## [Problem to work on]
Work out how many lines of the data hold the string "also", and reply with that number alone.

======== Record excerpts ========

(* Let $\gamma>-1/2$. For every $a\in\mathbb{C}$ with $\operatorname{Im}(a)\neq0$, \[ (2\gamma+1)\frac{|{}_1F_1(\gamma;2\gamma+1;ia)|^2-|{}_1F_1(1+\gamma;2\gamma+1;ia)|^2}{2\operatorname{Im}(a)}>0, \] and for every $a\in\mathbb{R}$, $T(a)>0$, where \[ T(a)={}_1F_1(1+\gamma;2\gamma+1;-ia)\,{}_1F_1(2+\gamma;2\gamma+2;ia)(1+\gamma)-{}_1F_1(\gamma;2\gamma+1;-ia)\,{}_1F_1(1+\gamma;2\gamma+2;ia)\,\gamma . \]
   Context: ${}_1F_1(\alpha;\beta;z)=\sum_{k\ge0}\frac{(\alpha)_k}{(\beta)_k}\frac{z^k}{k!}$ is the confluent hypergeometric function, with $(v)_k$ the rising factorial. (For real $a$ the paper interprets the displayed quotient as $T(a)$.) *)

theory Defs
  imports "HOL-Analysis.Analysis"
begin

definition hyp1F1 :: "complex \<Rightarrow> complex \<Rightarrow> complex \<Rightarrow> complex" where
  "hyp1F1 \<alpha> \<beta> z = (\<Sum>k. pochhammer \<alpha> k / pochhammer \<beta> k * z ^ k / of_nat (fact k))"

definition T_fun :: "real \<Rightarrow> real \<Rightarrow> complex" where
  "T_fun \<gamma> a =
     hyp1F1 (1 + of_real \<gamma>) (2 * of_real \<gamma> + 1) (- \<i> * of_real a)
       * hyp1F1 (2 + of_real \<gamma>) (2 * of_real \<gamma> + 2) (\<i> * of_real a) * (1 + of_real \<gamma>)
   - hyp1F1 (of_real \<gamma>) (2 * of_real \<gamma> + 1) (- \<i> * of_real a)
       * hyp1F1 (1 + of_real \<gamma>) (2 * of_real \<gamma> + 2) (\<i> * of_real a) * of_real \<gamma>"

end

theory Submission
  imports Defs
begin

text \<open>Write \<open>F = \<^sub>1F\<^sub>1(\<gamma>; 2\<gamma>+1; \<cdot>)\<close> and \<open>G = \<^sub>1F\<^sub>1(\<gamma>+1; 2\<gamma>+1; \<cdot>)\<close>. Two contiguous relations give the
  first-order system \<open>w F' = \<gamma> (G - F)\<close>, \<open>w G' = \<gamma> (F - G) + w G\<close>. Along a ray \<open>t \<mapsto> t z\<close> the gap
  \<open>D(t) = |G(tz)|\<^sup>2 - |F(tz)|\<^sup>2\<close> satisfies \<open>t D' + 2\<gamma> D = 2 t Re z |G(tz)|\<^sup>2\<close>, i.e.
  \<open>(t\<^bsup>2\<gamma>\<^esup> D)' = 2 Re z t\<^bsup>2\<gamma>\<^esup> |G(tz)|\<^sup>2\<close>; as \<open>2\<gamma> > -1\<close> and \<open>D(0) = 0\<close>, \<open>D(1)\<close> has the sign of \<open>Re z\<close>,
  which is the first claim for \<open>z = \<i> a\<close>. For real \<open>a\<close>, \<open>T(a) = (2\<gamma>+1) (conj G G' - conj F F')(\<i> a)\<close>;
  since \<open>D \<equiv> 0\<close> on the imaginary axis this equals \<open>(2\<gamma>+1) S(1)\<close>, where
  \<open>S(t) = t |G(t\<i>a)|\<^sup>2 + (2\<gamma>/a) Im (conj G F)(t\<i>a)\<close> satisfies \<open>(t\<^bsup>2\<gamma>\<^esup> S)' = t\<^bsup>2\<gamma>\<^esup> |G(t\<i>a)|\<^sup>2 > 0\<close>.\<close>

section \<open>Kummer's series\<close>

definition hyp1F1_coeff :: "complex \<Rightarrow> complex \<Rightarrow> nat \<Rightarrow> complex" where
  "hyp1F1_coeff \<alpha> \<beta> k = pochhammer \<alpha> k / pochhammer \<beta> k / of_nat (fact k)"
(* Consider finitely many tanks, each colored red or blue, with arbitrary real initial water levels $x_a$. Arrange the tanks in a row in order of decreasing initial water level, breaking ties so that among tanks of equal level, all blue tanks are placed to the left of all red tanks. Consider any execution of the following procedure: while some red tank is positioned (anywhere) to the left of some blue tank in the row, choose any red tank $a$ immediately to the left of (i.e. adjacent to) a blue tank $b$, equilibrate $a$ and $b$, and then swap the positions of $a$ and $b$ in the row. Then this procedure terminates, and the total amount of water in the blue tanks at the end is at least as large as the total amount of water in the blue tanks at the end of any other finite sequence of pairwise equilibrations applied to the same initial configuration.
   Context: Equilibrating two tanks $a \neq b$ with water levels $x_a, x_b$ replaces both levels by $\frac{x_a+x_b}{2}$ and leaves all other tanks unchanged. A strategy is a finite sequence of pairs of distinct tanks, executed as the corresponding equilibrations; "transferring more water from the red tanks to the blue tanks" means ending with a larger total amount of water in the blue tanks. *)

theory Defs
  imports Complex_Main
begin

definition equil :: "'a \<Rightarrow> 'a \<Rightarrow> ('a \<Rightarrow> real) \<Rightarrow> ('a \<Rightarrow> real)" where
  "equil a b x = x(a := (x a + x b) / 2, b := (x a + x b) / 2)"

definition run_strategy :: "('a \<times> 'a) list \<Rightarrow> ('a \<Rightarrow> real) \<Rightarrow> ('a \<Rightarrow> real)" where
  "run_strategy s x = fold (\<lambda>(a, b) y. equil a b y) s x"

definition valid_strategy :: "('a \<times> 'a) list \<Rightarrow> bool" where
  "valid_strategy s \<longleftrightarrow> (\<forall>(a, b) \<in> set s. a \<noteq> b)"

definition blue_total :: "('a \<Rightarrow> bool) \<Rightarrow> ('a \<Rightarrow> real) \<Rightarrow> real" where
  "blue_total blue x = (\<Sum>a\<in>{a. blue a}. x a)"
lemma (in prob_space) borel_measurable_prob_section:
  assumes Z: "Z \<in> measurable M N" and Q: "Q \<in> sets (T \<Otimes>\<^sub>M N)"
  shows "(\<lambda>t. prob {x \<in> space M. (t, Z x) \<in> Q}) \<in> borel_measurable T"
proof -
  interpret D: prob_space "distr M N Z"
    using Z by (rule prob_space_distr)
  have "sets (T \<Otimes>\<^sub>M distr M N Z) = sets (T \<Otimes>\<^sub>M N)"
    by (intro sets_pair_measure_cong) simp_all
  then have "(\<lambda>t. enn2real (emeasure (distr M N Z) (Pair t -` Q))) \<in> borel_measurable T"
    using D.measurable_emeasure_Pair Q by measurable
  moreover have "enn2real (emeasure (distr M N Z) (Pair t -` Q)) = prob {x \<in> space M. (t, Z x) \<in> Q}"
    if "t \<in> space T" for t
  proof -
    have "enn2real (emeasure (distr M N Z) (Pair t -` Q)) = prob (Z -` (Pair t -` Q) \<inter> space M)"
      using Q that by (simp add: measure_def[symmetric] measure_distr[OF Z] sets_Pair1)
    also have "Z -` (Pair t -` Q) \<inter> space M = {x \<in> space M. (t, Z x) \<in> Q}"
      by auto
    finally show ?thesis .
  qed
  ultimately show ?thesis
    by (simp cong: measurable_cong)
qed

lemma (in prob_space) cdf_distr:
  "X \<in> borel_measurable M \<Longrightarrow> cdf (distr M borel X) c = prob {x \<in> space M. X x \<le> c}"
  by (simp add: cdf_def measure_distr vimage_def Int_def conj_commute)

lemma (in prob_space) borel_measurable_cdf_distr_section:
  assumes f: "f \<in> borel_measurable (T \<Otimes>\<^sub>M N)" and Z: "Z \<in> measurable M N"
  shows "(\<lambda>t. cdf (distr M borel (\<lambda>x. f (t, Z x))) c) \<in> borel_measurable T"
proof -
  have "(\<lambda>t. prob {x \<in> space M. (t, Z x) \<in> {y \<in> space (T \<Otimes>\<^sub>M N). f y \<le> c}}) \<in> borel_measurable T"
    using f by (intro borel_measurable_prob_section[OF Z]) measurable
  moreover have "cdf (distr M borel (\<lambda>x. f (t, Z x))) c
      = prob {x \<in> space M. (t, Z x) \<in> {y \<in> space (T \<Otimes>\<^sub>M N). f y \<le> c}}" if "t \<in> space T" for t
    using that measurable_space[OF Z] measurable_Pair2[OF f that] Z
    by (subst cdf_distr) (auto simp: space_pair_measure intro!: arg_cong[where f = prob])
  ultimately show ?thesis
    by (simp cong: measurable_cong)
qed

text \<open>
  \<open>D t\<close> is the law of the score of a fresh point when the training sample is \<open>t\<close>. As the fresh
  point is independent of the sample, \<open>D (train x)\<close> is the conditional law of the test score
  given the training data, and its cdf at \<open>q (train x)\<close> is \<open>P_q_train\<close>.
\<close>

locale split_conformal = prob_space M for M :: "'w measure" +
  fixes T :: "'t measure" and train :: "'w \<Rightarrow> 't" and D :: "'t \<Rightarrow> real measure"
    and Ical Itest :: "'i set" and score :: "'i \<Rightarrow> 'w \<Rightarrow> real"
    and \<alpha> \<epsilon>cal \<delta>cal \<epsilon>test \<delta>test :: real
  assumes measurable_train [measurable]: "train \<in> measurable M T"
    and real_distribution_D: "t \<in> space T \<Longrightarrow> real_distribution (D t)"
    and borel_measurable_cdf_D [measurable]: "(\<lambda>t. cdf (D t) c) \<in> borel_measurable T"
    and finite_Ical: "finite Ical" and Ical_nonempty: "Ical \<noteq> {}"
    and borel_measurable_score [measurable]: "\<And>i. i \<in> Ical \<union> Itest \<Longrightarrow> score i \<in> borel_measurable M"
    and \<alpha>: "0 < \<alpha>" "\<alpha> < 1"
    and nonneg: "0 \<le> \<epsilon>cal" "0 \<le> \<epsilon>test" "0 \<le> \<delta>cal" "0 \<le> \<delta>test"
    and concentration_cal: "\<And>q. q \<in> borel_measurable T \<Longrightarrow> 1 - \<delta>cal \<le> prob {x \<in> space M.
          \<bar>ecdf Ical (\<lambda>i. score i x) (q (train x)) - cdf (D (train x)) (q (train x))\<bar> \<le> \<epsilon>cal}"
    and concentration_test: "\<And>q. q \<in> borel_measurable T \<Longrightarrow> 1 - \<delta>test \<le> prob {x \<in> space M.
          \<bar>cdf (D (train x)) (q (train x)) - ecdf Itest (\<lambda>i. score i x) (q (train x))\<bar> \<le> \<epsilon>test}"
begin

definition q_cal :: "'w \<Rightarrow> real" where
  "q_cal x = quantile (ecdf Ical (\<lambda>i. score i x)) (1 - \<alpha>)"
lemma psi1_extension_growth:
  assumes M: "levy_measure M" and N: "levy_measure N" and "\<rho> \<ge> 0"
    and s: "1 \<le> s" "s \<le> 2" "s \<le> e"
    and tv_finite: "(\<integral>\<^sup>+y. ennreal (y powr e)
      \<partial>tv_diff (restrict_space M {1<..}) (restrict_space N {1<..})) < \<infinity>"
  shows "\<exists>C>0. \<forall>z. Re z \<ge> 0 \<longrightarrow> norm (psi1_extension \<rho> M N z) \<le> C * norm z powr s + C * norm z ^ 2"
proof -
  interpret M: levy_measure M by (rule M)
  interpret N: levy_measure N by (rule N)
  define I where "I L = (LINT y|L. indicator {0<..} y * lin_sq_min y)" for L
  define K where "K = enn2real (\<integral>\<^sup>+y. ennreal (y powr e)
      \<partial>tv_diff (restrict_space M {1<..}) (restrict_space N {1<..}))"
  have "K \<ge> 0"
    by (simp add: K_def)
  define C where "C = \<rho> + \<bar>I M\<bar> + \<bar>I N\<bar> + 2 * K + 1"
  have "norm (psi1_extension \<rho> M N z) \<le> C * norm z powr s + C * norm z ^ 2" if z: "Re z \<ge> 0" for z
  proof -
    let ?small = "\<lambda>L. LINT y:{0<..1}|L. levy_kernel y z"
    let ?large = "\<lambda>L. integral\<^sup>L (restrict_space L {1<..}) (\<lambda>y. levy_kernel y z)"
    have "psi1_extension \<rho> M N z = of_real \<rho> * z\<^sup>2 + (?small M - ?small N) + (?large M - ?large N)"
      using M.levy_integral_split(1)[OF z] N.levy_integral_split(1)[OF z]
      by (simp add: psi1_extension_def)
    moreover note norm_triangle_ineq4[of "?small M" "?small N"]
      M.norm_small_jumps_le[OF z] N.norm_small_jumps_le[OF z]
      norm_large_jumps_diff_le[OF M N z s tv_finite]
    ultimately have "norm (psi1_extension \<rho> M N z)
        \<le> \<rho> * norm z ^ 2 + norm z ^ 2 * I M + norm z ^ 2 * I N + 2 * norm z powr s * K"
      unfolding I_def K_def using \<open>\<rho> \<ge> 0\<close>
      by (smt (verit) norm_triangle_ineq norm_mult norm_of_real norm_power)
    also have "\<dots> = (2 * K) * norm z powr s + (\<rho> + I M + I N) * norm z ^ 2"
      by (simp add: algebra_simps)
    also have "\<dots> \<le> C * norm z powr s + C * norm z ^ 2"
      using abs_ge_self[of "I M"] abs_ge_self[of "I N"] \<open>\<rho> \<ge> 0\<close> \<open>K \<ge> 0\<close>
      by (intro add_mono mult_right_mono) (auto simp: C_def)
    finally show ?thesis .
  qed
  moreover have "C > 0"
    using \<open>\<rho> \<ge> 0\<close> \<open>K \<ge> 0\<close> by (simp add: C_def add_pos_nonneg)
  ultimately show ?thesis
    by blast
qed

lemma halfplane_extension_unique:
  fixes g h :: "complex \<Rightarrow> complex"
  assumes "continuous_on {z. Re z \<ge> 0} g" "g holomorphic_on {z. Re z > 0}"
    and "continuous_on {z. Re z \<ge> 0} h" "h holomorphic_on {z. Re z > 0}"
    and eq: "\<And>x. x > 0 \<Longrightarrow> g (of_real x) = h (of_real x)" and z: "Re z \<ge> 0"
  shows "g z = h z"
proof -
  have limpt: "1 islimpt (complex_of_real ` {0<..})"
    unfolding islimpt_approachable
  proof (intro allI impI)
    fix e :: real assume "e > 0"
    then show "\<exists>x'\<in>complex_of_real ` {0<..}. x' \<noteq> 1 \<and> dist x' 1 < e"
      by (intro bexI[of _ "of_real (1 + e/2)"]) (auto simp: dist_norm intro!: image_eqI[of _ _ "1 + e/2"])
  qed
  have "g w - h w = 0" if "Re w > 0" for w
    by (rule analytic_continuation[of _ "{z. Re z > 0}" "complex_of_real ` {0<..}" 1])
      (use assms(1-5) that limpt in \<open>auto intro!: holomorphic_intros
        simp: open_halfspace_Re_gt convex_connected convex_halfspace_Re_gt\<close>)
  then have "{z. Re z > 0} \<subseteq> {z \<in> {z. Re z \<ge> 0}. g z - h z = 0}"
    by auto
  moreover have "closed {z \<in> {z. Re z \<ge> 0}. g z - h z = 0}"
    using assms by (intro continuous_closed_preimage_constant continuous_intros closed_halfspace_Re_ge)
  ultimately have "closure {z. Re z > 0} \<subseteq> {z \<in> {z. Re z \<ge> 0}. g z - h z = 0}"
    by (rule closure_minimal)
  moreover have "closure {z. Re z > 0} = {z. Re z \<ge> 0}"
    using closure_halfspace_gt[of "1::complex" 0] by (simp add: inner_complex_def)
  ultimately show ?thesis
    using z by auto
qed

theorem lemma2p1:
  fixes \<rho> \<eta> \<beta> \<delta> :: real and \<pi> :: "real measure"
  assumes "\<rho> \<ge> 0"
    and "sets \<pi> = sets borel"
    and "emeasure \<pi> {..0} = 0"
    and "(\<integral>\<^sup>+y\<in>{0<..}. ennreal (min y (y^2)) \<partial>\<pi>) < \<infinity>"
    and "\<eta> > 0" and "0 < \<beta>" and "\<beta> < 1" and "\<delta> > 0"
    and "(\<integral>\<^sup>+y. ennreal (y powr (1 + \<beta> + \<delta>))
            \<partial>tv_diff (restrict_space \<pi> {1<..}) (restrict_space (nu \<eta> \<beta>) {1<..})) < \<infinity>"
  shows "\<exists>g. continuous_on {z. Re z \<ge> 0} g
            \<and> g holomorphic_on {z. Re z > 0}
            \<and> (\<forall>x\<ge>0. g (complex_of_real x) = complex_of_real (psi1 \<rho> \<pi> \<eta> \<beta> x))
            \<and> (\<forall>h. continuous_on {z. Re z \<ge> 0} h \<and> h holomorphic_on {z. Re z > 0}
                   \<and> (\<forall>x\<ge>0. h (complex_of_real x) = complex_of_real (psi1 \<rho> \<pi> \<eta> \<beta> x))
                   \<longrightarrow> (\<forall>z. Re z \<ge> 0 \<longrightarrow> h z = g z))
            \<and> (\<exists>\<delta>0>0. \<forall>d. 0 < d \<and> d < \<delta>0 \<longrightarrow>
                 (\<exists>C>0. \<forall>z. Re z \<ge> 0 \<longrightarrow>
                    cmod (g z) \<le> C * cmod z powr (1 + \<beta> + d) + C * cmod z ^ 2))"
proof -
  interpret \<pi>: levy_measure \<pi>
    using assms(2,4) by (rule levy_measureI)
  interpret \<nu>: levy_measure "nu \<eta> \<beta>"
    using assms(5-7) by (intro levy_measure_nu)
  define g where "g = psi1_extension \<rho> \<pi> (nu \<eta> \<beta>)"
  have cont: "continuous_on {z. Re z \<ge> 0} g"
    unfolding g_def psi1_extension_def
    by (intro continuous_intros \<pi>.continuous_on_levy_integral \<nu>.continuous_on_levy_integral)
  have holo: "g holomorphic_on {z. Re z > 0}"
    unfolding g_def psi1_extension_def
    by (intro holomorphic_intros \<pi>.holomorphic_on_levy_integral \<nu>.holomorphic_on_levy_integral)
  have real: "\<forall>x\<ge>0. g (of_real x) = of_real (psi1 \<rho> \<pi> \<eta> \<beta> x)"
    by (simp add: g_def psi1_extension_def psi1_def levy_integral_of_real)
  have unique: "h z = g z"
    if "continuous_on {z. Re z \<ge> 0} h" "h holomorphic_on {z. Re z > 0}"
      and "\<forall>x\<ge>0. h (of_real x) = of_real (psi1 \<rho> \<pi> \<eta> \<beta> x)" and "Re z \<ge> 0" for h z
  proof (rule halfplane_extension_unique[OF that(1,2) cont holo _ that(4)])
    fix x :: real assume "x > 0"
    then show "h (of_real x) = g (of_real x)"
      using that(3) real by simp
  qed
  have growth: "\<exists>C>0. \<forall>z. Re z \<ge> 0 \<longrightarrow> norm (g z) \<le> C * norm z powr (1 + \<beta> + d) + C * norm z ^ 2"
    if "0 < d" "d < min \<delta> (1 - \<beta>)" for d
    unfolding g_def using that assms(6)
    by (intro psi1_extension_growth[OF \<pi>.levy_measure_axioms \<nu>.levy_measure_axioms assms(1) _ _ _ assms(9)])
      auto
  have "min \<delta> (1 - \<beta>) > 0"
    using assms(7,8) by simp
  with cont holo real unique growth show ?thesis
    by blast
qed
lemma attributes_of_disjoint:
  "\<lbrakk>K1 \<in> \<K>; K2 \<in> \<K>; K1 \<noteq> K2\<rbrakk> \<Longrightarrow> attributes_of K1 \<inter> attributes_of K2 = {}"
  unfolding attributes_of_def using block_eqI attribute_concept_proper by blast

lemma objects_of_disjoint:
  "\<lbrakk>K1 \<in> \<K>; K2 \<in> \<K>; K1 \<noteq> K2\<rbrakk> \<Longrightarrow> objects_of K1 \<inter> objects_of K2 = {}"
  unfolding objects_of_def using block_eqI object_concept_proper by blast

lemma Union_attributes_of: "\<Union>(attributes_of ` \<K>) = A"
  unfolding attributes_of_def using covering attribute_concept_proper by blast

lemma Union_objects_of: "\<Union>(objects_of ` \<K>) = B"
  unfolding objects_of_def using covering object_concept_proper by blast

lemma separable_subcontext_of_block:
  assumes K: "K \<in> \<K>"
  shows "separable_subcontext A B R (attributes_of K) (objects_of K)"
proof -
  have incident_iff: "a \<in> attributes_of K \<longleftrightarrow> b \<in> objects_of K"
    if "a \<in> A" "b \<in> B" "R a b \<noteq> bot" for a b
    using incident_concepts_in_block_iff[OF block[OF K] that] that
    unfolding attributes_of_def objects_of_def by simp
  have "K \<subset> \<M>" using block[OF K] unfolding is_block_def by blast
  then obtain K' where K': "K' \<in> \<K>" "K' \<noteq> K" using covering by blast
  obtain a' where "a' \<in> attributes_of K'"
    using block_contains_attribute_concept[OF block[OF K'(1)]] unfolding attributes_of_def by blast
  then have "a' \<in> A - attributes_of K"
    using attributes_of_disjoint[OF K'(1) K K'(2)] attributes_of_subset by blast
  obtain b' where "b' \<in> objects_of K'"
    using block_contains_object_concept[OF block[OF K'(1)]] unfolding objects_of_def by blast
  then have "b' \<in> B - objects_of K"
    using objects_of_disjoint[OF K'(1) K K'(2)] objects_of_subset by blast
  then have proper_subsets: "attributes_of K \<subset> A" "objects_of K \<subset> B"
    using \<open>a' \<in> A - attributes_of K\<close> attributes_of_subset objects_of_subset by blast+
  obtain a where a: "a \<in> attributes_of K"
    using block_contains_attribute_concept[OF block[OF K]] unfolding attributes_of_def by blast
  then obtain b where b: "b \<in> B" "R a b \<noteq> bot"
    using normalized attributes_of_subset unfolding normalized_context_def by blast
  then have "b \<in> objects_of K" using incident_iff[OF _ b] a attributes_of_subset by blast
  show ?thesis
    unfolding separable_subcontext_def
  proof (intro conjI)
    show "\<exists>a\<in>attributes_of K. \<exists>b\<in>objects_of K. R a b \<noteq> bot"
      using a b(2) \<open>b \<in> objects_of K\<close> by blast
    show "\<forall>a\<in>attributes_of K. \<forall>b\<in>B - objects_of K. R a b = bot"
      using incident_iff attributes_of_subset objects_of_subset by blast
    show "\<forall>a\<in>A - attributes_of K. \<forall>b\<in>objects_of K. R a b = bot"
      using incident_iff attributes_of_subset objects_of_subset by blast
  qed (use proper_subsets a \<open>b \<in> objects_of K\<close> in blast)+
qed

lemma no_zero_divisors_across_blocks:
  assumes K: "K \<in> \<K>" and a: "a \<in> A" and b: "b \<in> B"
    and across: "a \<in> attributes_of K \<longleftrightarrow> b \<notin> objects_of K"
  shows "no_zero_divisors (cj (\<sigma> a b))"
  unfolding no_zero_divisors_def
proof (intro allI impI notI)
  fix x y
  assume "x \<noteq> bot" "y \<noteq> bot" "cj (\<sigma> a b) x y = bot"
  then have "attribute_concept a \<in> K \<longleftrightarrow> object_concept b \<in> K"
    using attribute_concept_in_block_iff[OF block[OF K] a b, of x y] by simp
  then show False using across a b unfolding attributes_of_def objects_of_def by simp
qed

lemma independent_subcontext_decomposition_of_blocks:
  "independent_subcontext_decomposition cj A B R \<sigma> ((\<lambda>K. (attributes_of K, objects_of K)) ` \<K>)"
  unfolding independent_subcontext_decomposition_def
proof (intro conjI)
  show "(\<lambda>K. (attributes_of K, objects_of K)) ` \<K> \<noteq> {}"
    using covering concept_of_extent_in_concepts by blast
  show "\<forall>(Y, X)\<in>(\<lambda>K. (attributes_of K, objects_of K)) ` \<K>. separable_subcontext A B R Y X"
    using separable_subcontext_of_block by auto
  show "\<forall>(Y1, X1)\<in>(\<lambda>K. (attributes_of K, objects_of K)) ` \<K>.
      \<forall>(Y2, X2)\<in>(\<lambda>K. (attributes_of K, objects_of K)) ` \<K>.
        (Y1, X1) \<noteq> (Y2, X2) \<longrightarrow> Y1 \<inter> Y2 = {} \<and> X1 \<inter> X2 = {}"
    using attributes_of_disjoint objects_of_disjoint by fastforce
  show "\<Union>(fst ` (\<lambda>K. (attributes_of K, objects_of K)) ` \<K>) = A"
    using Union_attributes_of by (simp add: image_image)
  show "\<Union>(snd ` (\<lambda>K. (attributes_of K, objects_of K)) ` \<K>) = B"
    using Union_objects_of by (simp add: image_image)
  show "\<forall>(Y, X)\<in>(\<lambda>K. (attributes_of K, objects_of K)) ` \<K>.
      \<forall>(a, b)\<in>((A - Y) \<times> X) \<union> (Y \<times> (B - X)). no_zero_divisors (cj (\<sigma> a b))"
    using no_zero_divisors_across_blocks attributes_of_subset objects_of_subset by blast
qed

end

========

## [Completed task]
3